MANUAL LABOURS, The Peltz Room, Birkbeck, London (8-12 April, 2013)
This was the first public Manual Labours’ event. We used the Peltz Gallery at Birkbeck as our office, staffroom, canteen, library, film-screening space and meeting place for one week.
We developed a film archive including works by: Moira Zoitl’s ‘Exchange Square’ (2007); Can Altay’s ‘We’re Papermen, He said’ (2003) and Kennedy Browne’s ‘How Capital Moves’ (2010).
We hosted a public screening of Pilvi Takala’s The Trainee followed by a discussion with writer Marina Vishmidt and a ‘reclaim the lunch hour’ event with lunch and screening of ‘Sweet Sugar Rage,’ (1985) by the Sistren Theatre Collective and Jesse Jones’ ‘The Struggle Against Ourselves,’ (2012).
Each day we focused on one worker stereotype, discussed a reading, watched a film and interviewed a co-worker about their physical relationship to work.
MONDAY 8 APRIL: ST. MONDAY The office was closed as Jenny and Sophie worshiped St Monday by having a lazy day.

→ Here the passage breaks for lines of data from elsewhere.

theorem lemma9:
  fixes p q :: real and n :: nat
  assumes "0 < q" and "q < p" and "p + q = 1" and "n \<ge> 1"
  shows "(Pbar_weight p q has_sum (p * q ^ n))
           {w. dyck w \<and> (\<exists>u. w = u @ [S] @ replicate n H)}"
proof -
  define tail where "tail u = u @ S # replicate n H" for u
  have words: "{w. dyck w \<and> (\<exists>u. w = u @ [S] @ replicate n H)} = tail ` dyck_prefixes (n - 1)"
    using assms(4) by (auto simp: tail_def dyck_append_S_replicate_H image_iff)
  obtain m where n: "n = Suc m" using assms(4) by (cases n) auto
  have "((\<lambda>u. (p * q) ^ nH u) has_sum (1 / p) ^ n) (dyck_prefixes (n - 1))"
    using has_sum_dyck_prefixes[OF _ has_sum_dyck, of p q m] assms by (simp add: n)
  from has_sum_cmult_right[OF this, of "p * (p * q) ^ n"]
  have "((\<lambda>u. p * (p * q) ^ n * (p * q) ^ nH u) has_sum p * (p * q) ^ n * (1 / p) ^ n)
      (dyck_prefixes (n - 1))" .
  also have "p * (p * q) ^ n * (1 / p) ^ n = p * q ^ n"
    using assms by (simp add: power_mult_distrib power_divide)
  finally have "((Pbar_weight p q \<circ> tail) has_sum p * q ^ n) (dyck_prefixes (n - 1))"
    by (rule has_sum_cong[THEN iffD1, rotated]) (use assms(4) in
      \<open>simp add: tail_def dyck_append_S_replicate_H Pbar_weight_append_S_replicate_H\<close>)
  moreover have "inj_on tail (dyck_prefixes (n - 1))"
    by (simp add: inj_on_def tail_def)
  ultimately show ?thesis
    using words has_sum_reindex by metis
qed

end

TUESDAY 9 APRIL: THE MANAGER Tuesday started with a slow commute to work as Jenny and Sophie trekked across marshes and motorways to reach the office. They document their walk, the physical and emotional affects and analysed whether the walk was worth it.
WEDNESDAY 10 APRIL : THE TRAINEE Reading: The Great Caliban: The struggle against the rebel body by Sylvia Federici (2004) and Pilvi Takala The Trainee – Screening and Discussion with Marina Vishmidt at Birkbeck Cinema, 43 Gordon Square, London, WC1H 0PD
Marina Vishmidt presented a paper on Pilvi Takala’s performance and film The Trainee (2008) drawing on her research into how art models anomalous labour conditions in the period of financialised capitalism. She explored how strategies such as performativity, intimacy and refusal traverse contemporary forms of labour and art. The competitive ideology of abstract value standardises the conditions for both, getting them to mingle and blur in a kind of abstract activity typical of financial commodities.
Marina Vishmidt is a London-based writer who deals mainly with art, value and the politics of work and abstraction. A former Research Fellow at the Jan van Eyck Academie, she has an MA in Modern European Philosophy and is currently doing a PhD at Queen Mary, University of London on speculation as a mode of production in art and capital.
Pilvi Takala’s The Trainee was produced in a collaboration with Deloitte and Kiasma Museum of Contemporary Art, and involved the artist working for a month as trainee “Johanna Takala” in the marketing department of Deloitte. Takala studied at the Academy of Fine Arts, Helsinki and was resident at the Rijksakademie, Amsterdam.http://www.pilvitakala.com
THURSDAY 11 APRIL: THE OUTSOURCED We invited co-workers for after work drinks to discuss why/how work seeps into our social lives and vice versa.
FRIDAY 12 APRIL: THE ADMINISTRATOR During the final day we invited our co-workers to a Public Lunch Hour (1-2pm) in Peltz Gallery where we ate together and discussed the week’s research – culminating with a discussion around ideas of ‘physical intellect’ and the different ways we can map and question our physical relationships to work and a screening of Sweet Sugar Rage by the Sistren Theatre Collective (1985).